Dr. Elmer answered and filed a reconventional demand asserting ownership of the subject property by virtue of a 1949 act of sale from the Zodiac Corporation. He alleged actual and continuous corporeal possession since 1949 and specifically pleaded acquisitive prescription of ten years by possession in good faith under a deed translative of title.

After a trial on the merits, the district court annulled the 1952 tax sale and specifically found that the Board had established a complete record title to the property. However, the court granted judgment in favor of Dr. Elmer on his reconventional demand and recognized him as owner of the property by virtue of acquisitive prescription.

The Board appealed suspensively.

Dr. Elmer neither appealed nor answered the Board's appeal, and the judgment declaring the 1952 tax sale a nullity is now final.

The two sections were selected by the State in 1850 under the provisions of the Swampland Act and was subsequently transferred to the Board by act dated May *277 22, 1939. However, although recorded in Lafourche Parish in due course, the transfer was not registered in Jefferson Parish until May 12, 1952.

Dr. Elmer claims ownership of the two sections by virtue on a non-warranty deed from the Zodiac Corporation on October 27, 1949, in which he purchased several properties, Parcel No. 7 containing a total of approximately 1,210 acres described as:

"The entire area of land bounded on the North by Bayou Thunder, Bayou Fort Blanc and the Perrillat Lands; on the West by the Parish Line of Lafourche, Perrillat Lands, and on the East by Section Fifteen, on the South by Bay Caminada and/or the Gulf of Mexico."

A map of the general vicinity of Grand Isle and Cheniere Caminada was included as an exhibit in the record, and the portion of that exhibit reproduced below shows the perimeter of the property claimed by Dr. Elmer with a heavy dashed line and the two disputed sections as shaded:

*278 The property description in the deed then continues and specifically enumerates the sections and the acreage contained in each. The two disputed sections are not enumerated in the description, although they are within the boundaries of the general perimeter description.

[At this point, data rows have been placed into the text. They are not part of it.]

lemma is_tree_reattach_leaf:
  assumes tree: "is_tree V F" and "w \<in> V" "p \<in> V" "q \<in> V" "p \<noteq> w" "q \<noteq> w" "p \<noteq> q"
    and ep: "ep \<in> F" "ep \<in> {(p, w), (w, p)}"
    and leaf: "\<And>e. e \<in> F \<Longrightarrow> fst e = w \<or> snd e = w \<Longrightarrow> e = ep"
    and eq: "eq \<in> {(q, w), (w, q)}"
  shows "is_tree V (F - {ep} \<union> {eq})"
proof -
  have conn: "graph_connected V F" and bridges: "\<forall>e\<in>F. \<not> graph_connected V (F - {e})"
    using tree by (auto simp: is_tree_def)
  have pendant: "z = p" if "(w, z) \<in> F \<or> (z, w) \<in> F" for z
    using that leaf[of "(w, z)"] leaf[of "(z, w)"] ep(2) \<open>p \<noteq> w\<close> by force
  have "eq \<notin> F"
    using leaf[of eq] eq ep(2) \<open>p \<noteq> q\<close> by auto
  have "graph_connected V (F - {ep} \<union> {eq})"
    by (rule graph_connected_reattach_pendant[OF conn \<open>w \<in> V\<close> \<open>p \<in> V\<close> \<open>p \<noteq> w\<close> \<open>q \<in> V\<close>
          \<open>q \<noteq> w\<close> pendant]) (use ep eq in auto)
  moreover have "\<not> graph_connected V (F - {ep} \<union> {eq} - {e})" if e: "e \<in> F - {ep} \<union> {eq}" for e
  proof
    assume conn': "graph_connected V (F - {ep} \<union> {eq} - {e})"
    show False
    proof (cases "e = eq")
      case True
      then have "F - {ep} \<union> {eq} - {e} = F - {ep}" using \<open>eq \<notin> F\<close> by auto
      then obtain z where "(w, z) \<in> F - {ep} \<or> (z, w) \<in> F - {ep}"
        using graph_connected_incident_edge[OF conn' \<open>w \<in> V\<close> \<open>p \<in> V\<close> \<open>p \<noteq> w\<close>] by auto
      then show False using leaf by force
    next
      case False
      have pendant': "z = q" if "(w, z) \<in> F - {ep} \<union> {eq} - {e} \<or> (z, w) \<in> F - {ep} \<union> {eq} - {e}" for z
        using that leaf eq \<open>q \<noteq> w\<close> by force
      have "graph_connected V (F - {e})"
        by (rule graph_connected_reattach_pendant[OF conn' \<open>w \<in> V\<close> \<open>q \<in> V\<close> \<open>q \<noteq> w\<close>
              \<open>p \<in> V\<close> \<open>p \<noteq> w\<close> pendant']) (use ep e False eq in auto)
      then show False using bridges e False by auto
    qed
  qed
  ultimately show ?thesis by (auto simp: is_tree_def)
qed

lemma is_tree_edge_not_redundant:
  assumes "is_tree V F" and "(x, y) \<in> F"
  shows "(x, y) \<notin> ((F - {(x, y)}) \<union> (F - {(x, y)})\<inverse>)\<^sup>*"
proof
  define R where "R = (F - {(x, y)}) \<union> (F - {(x, y)})\<inverse>"
  assume "(x, y) \<in> R\<^sup>*"
  moreover have "R\<inverse> = R" by (auto simp: R_def)
  ultimately have "(y, x) \<in> R\<^sup>*" using rtrancl_converseI by metis
  with \<open>(x, y) \<in> R\<^sup>*\<close> have "F \<union> F\<inverse> \<subseteq> R\<^sup>*" by (auto simp: R_def)
  then have "(F \<union> F\<inverse>)\<^sup>* \<subseteq> R\<^sup>*" by (rule rtrancl_subset_rtrancl)
  then have "graph_connected V (F - {(x, y)})"
    using assms(1) by (auto simp: is_tree_def graph_connected_def R_def)
  then show False using assms by (auto simp: is_tree_def)
qed

lemma bc_trees_finite:
  assumes "F \<in> bc_trees l col" shows "finite F"
proof (rule finite_subset)
  show "F \<subseteq> {1..l} \<times> {1..l}" using assms by (auto simp: bc_trees_def)
qed simp

definition toggle_leaf :: "nat \<Rightarrow> nat \<Rightarrow> nat \<Rightarrow> (nat \<times> nat) set \<Rightarrow> (nat \<times> nat) set" where
  "toggle_leaf a b w F =
     (if (a, w) \<in> F then F - {(a, w)} \<union> {(w, b)} else F - {(w, b)} \<union> {(a, w)})"

definition bc_weight :: "(nat \<Rightarrow> bool) \<Rightarrow> (nat \<Rightarrow> nat) \<Rightarrow> (nat \<times> nat) set \<Rightarrow> int" where
  "bc_weight col v F = (-1) ^ card {e \<in> F. col (fst e)} * (\<Prod>e\<in>F. int (v (fst e) * v (snd e)))"

lemma toggle_leaf_exclusive:
  "a \<noteq> w \<Longrightarrow> (a, w) \<in> toggle_leaf a b w F \<longleftrightarrow> (w, b) \<notin> toggle_leaf a b w F"
  by (auto simp: toggle_leaf_def)

lemma toggle_leaf_toggle_leaf:
  "a \<noteq> w \<Longrightarrow> ((a, w) \<in> F \<longleftrightarrow> (w, b) \<notin> F) \<Longrightarrow> toggle_leaf a b w (toggle_leaf a b w F) = F"
  by (auto simp: toggle_leaf_def)

lemma bc_weight_move_edge:
  assumes "finite F" "e \<in> F" "e' \<notin> F" "v (fst e) * v (snd e) = v (fst e') * v (snd e')"
  shows "bc_weight col v (F - {e} \<union> {e'}) =
    (-1) ^ (card {d \<in> F - {e} \<union> {e'}. col (fst d)} + card {d \<in> F. col (fst d)}) * bc_weight col v F"
proof -
  have "(\<Prod>d\<in>F - {e} \<union> {e'}. int (v (fst d) * v (snd d))) = (\<Prod>d\<in>F. int (v (fst d) * v (snd d)))"
    using assms by (simp add: prod.remove[of F e] insert_Diff_if flip: of_nat_mult)
  then show ?thesis
    by (simp add: bc_weight_def power_add mult.assoc flip: power_mult_distrib)
qed

locale two_black_vertices =
  fixes l a b :: nat and col :: "nat \<Rightarrow> bool"
  assumes black_vertices: "{i \<in> {1..l}. col i} = {a, b}"
begin

lemma black_endpoints: "a \<in> {1..l}" "b \<in> {1..l}" "col a" "col b"
  using black_vertices by blast+

lemma bc_tree_edge_at_between:
  assumes "F \<in> bc_trees l col" "w \<in> {1..l}" "a < w" "w < b"
    and "e \<in> F" "fst e = w \<or> snd e = w"
  shows "e = (a, w) \<or> e = (w, b)"
proof -
  have black: "i \<in> {1..l} \<Longrightarrow> col i \<longleftrightarrow> i = a \<or> i = b" for i
    using black_vertices black_endpoints by blast
  obtain i j where "e = (i, j)" "i \<in> {1..l}" "j \<in> {1..l}" "i < j" "col i \<noteq> col j"
    using assms(1,5) by (auto simp: bc_trees_def)
  then show ?thesis using assms(2-4,6) black[of i] black[of j] black[of w] by auto
qed

lemma bc_tree_has_edge_at_between:
  assumes "F \<in> bc_trees l col" "w \<in> {1..l}" "a < w" "w < b"
  shows "(a, w) \<in> F \<or> (w, b) \<in> F"
proof -
  have "graph_connected {1..l} F" using assms(1) by (auto simp: bc_trees_def is_tree_def)
  moreover have "a \<noteq> w" using assms(3) by simp
  ultimately obtain z where "(w, z) \<in> F \<or> (z, w) \<in> F"
    using graph_connected_incident_edge assms(2) black_endpoints(1) by metis
  then show ?thesis
    using bc_tree_edge_at_between[OF assms, of "(w, z)"] bc_tree_edge_at_between[OF assms, of "(z, w)"]
    by auto
qed

lemma bc_tree_no_square:
  assumes "F \<in> bc_trees l col" "a < w" "w < b" "a < w'" "w' < b" "w \<noteq> w'"
  shows "\<not> ((a, w) \<in> F \<and> (w, b) \<in> F \<and> (a, w') \<in> F \<and> (w', b) \<in> F)"
proof
  assume square: "(a, w) \<in> F \<and> (w, b) \<in> F \<and> (a, w') \<in> F \<and> (w', b) \<in> F"
  define R where "R = (F - {(a, w)}) \<union> (F - {(a, w)})\<inverse>"
  have "(a, w') \<in> R" "(w', b) \<in> R" "(b, w) \<in> R"
    using square assms(2-6) by (auto simp: R_def)
  then have "(a, w) \<in> R\<^sup>*" by (meson r_into_rtrancl rtrancl_trans)
  moreover have "is_tree {1..l} F" using assms(1) by (simp add: bc_trees_def)
  ultimately show False using is_tree_edge_not_redundant[of "{1..l}" F a w] square by (simp add: R_def)
qed

lemma white_between: "w \<in> {1..l} \<Longrightarrow> a < w \<Longrightarrow> w < b \<Longrightarrow> \<not> col w"
  using black_vertices by (metis (mono_tags) insert_iff mem_Collect_eq less_irrefl singletonD)

lemma toggle_leaf_in_bc_trees:
  assumes F: "F \<in> bc_trees l col" and w: "w \<in> {1..l}" "a < w" "w < b"
    and leaf: "\<not> ((a, w) \<in> F \<and> (w, b) \<in> F)"
  shows "toggle_leaf a b w F \<in> bc_trees l col"
proof -
  have tree: "is_tree {1..l} F" using F by (simp add: bc_trees_def)
  have ends: "a \<in> {1..l}" "b \<in> {1..l}" "a \<noteq> w" "b \<noteq> w" "a \<noteq> b"
    using black_endpoints w by auto
  have at_w: "e = (a, w) \<or> e = (w, b)" if "e \<in> F" "fst e = w \<or> snd e = w" for e
    using bc_tree_edge_at_between[OF F w that] .
  have "is_tree {1..l} (toggle_leaf a b w F)"
  proof (cases "(a, w) \<in> F")
    case True
    then have "e = (a, w)" if "e \<in> F" "fst e = w \<or> snd e = w" for e
      using that(1) at_w[OF that] leaf by blast
    from is_tree_reattach_leaf[OF tree w(1) ends(1,2,3,4,5) True _ this, of "(w, b)"]
    show ?thesis using True by (simp add: toggle_leaf_def)
  next
    case False
    then have "(w, b) \<in> F" using bc_tree_has_edge_at_between[OF F w] by simp
    moreover have "e = (w, b)" if "e \<in> F" "fst e = w \<or> snd e = w" for e
      using that(1) at_w[OF that] False by blast
    ultimately have "is_tree {1..l} (F - {(w, b)} \<union> {(a, w)})"
      using is_tree_reattach_leaf[OF tree w(1) ends(2,1,4,3) ends(5)[symmetric], of "(w, b)" "(a, w)"]
      by blast
    then show ?thesis using False by (simp add: toggle_leaf_def)
  qed
  moreover have "toggle_leaf a b w F \<subseteq> F \<union> {(a, w), (w, b)}"
    by (auto simp: toggle_leaf_def)
  moreover have "F \<union> {(a, w), (w, b)} \<subseteq> {(i, j). i \<in> {1..l} \<and> j \<in> {1..l} \<and> i < j \<and> col i \<noteq> col j}"
    using F w black_endpoints white_between[OF w] by (auto simp: bc_trees_def)
  ultimately show ?thesis unfolding bc_trees_def by blast
qed

lemma bc_weight_toggle_leaf:
  assumes F: "F \<in> bc_trees l col" and w: "w \<in> {1..l}" "a < w" "w < b"
    and leaf: "\<not> ((a, w) \<in> F \<and> (w, b) \<in> F)" and "v a = v b"
  shows "bc_weight col v (toggle_leaf a b w F) = - bc_weight col v F"
proof -
  have "finite F" using F by (rule bc_trees_finite)
  have black_sourced: "col (fst (a, w))" "\<not> col (fst (w, b))"
    using black_endpoints white_between[OF w] by auto
  show ?thesis
  proof (cases "(a, w) \<in> F")
    case True
    let ?B = "{d \<in> F. col (fst d)}"
    have "{d \<in> F - {(a, w)} \<union> {(w, b)}. col (fst d)} = ?B - {(a, w)}"
      using black_sourced by auto
    moreover have "finite ?B" "(a, w) \<in> ?B" using \<open>finite F\<close> True black_sourced by auto
    ultimately have "card {d \<in> F - {(a, w)} \<union> {(w, b)}. col (fst d)} + card ?B = 2 * card ?B - 1"
      by (simp add: card_Diff_singleton card_gt_0_iff)
    moreover have "odd (2 * card ?B - 1)" using \<open>(a, w) \<in> ?B\<close> \<open>finite ?B\<close> card_gt_0_iff by fastforce
    ultimately show ?thesis
      using bc_weight_move_edge[OF \<open>finite F\<close> True, of "(w, b)" v col] leaf True \<open>v a = v b\<close>
      by (simp add: toggle_leaf_def)
  next
    case False
    then have "(w, b) \<in> F" using bc_tree_has_edge_at_between[OF F w] by auto
    let ?B = "{d \<in> F. col (fst d)}"
    have "{d \<in> F - {(w, b)} \<union> {(a, w)}. col (fst d)} = insert (a, w) ?B"
      using black_sourced by auto
    then have "card {d \<in> F - {(w, b)} \<union> {(a, w)}. col (fst d)} + card ?B = 2 * card ?B + 1"
      using \<open>finite F\<close> False by simp
    then show ?thesis
      using bc_weight_move_edge[OF \<open>finite F\<close> \<open>(w, b) \<in> F\<close>, of "(a, w)" v col] False \<open>v a = v b\<close>
      by (simp add: toggle_leaf_def)
  qed
qed

text \<open>The involution toggles w unless w is joined to both black vertices; then w' is a leaf
  by the no-square lemma, and toggling w' keeps w joined to both, so the choice is stable.\<close>
lemma bc_weight_sum_eq_0:
  assumes "v a = v b" and w: "w \<in> {1..l}" "a < w" "w < b" and w': "w' \<in> {1..l}" "a < w'" "w' < b"
    and "w \<noteq> w'"
  shows "(\<Sum>F\<in>bc_trees l col. bc_weight col v F) = 0"
proof -
  define \<iota> where "\<iota> F = (if (a, w) \<in> F \<and> (w, b) \<in> F then toggle_leaf a b w' F else toggle_leaf a b w F)"
    for F
  have "\<iota> F \<in> bc_trees l col \<and> \<iota> (\<iota> F) = F \<and> bc_weight col v (\<iota> F) = - bc_weight col v F"
    if F: "F \<in> bc_trees l col" for F
  proof -
    consider (double) "(a, w) \<in> F" "(w, b) \<in> F" "\<not> ((a, w') \<in> F \<and> (w', b) \<in> F)"
      | (leaf) "\<not> ((a, w) \<in> F \<and> (w, b) \<in> F)"
      using bc_tree_no_square[OF F w(2,3) w'(2,3) \<open>w \<noteq> w'\<close>] by blast
    then show ?thesis
    proof cases
      case double
      have "(a, w') \<in> F \<longleftrightarrow> (w', b) \<notin> F" using double(3) bc_tree_has_edge_at_between[OF F w'] by blast
      moreover have "(a, w) \<in> toggle_leaf a b w' F \<and> (w, b) \<in> toggle_leaf a b w' F"
        using double \<open>w \<noteq> w'\<close> w w' by (auto simp: toggle_leaf_def)
      ultimately show ?thesis
        using double toggle_leaf_in_bc_trees[OF F w'] bc_weight_toggle_leaf[OF F w' _ \<open>v a = v b\<close>]
          toggle_leaf_toggle_leaf[of a w' F b] w' by (simp add: \<iota>_def)
    next
      case leaf
      have "(a, w) \<in> F \<longleftrightarrow> (w, b) \<notin> F" using leaf bc_tree_has_edge_at_between[OF F w] by blast
      moreover have "\<not> ((a, w) \<in> toggle_leaf a b w F \<and> (w, b) \<in> toggle_leaf a b w F)"
        using toggle_leaf_exclusive[of a w b F] w by auto
      then have "\<iota> (\<iota> F) = toggle_leaf a b w (toggle_leaf a b w F)"
        using leaf unfolding \<iota>_def by (simp only: if_not_P if_False)
      ultimately show ?thesis
        using leaf toggle_leaf_in_bc_trees[OF F w] bc_weight_toggle_leaf[OF F w _ \<open>v a = v b\<close>]
          toggle_leaf_toggle_leaf[of a w F b] w by (simp add: \<iota>_def)
    qed
  qed
  then show ?thesis
    by (intro sum_eq_0_by_sign_reversing_involution[where \<iota> = \<iota>]) blast+
qed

Dr. Elmer had the property surveyed prior to the act of sale, and immediately after the sale he and the real estate agent posted the land with signs along Bayou Thunder (the northern and western boundary).

Shortly thereafter Dr. Elmer built a road from the highway (indicated by us on the map) to the Gulf of Mexico, and he then built a camp at the Gulf. Another camp was built on the Gulf on a portion of ground sold by Dr. Elmer.

He also subdivided a portion of ground between the Highway and Bayou Thunder in 1951 and sold 17 lots in a short period of time. He has presently sold approximately 100 lots.

In 1952 Dr. Elmer constructed an airstrip on the property, which has been used consistently until the time of trial. Since 1958 he has leased to the United States of America for $1,500.00 per year a parcel of land on which a homing tower was constructed to direct aircraft into New Orleans. In 1962 he granted a servitude in favor of Gulf Oil Company, who paid him approximately $11,000.00 for the servitude and immediately constructed a pipeline.

Dr. Elmer has also granted another pipeline servitude and presently leases land to the Town of Grand Isle for $300.00 per year for use as a garbage dump.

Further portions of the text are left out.